lemma add_reassoc_left:
  assumes "a \<in> hcarrier G" "b \<in> hcarrier G" "c \<in> hcarrier G" "v \<in> hadd G b c" "w \<in> hadd G a v"
  obtains u where "u \<in> hadd G a b" "w \<in> hadd G u c"
proof -
  have "w \<in> setadd G {a} (hadd G b c)" using assms(4,5) unfolding setadd_def by blast
  then have "w \<in> setadd G (hadd G a b) {c}" using add_assoc assms(1-3) by simp
  then show ?thesis using that unfolding setadd_def by blast
qed

lemma neg_mem_add_neg:
  assumes a: "a \<in> hcarrier G" and b: "b \<in> hcarrier G" and s: "s \<in> hadd G a b"
  shows "hneg G s \<in> hadd G (hneg G a) (hneg G b)"
proof -
  have s_car: "s \<in> hcarrier G" using add_mem_carrier a b s .
  have "b \<in> hadd G s (hneg G a)" using reversible a b s_car s by blast
  then have "hneg G a \<in> hadd G b (hneg G s)" using reversible b s_car neg_closed a by blast
  then show ?thesis using reversible neg_closed a b s_car by blast
qed

end

lemma hyperringD:
  assumes "hyperring H"
  shows hyperring_hyper_group: "hyper_group H"
    and hyperring_mul_closed: "x \<in> hcarrier H \<Longrightarrow> y \<in> hcarrier H \<Longrightarrow> hmul H x y \<in> hcarrier H"
    and hyperring_one_closed: "hone H \<in> hcarrier H"
  using assms unfolding hyperring_def hyper_group_iff_hypergroup by simp_all

lemma hmoduleD:
  assumes "hmodule H M"
  shows hmodule_hyperring: "hyperring H"
    and hmodule_hyper_group: "hyper_group M"
    and hmodule_smul_closed: "r \<in> hcarrier H \<Longrightarrow> m \<in> hcarrier M \<Longrightarrow> smul M r m \<in> hcarrier M"
    and hmodule_smul_one: "m \<in> hcarrier M \<Longrightarrow> smul M (hone H) m = m"
    and hmodule_smul_zero: "m \<in> hcarrier M \<Longrightarrow> smul M (hzero H) m = hzero M"
    and hmodule_smul_assoc: "x \<in> hcarrier H \<Longrightarrow> y \<in> hcarrier H \<Longrightarrow> m \<in> hcarrier M \<Longrightarrow>
      smul M (hmul H x y) m = smul M x (smul M y m)"
    and hmodule_smul_add_distrib: "x \<in> hcarrier H \<Longrightarrow> m \<in> hcarrier M \<Longrightarrow> m' \<in> hcarrier M \<Longrightarrow>
      smul M x ` hadd M m m' = hadd M (smul M x m) (smul M x m')"
    and hmodule_add_smul_distrib: "x \<in> hcarrier H \<Longrightarrow> y \<in> hcarrier H \<Longrightarrow> m \<in> hcarrier M \<Longrightarrow>
      (\<lambda>r. smul M r m) ` hadd H x y = hadd M (smul M x m) (smul M y m)"
  using assms unfolding hmodule_def hyper_group_iff_hypergroup by simp_all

_ _ _ _ _ _ _

Exercise details
Repeat exactly the lines from the first line of the records above through the line containing "s_car s by blast", both included, and nothing else.

Output
lemma add_reassoc_left:
  assumes "a \<in> hcarrier G" "b \<in> hcarrier G" "c \<in> hcarrier G" "v \<in> hadd G b c" "w \<in> hadd G a v"
  obtains u where "u \<in> hadd G a b" "w \<in> hadd G u c"
proof -
  have "w \<in> setadd G {a} (hadd G b c)" using assms(4,5) unfolding setadd_def by blast
  then have "w \<in> setadd G (hadd G a b) {c}" using add_assoc assms(1-3) by simp
  then show ?thesis using that unfolding setadd_def by blast
qed

lemma neg_mem_add_neg:
  assumes a: "a \<in> hcarrier G" and b: "b \<in> hcarrier G" and s: "s \<in> hadd G a b"
  shows "hneg G s \<in> hadd G (hneg G a) (hneg G b)"
proof -
  have s_car: "s \<in> hcarrier G" using add_mem_carrier a b s .
  have "b \<in> hadd G s (hneg G a)" using reversible a b s_car s by blast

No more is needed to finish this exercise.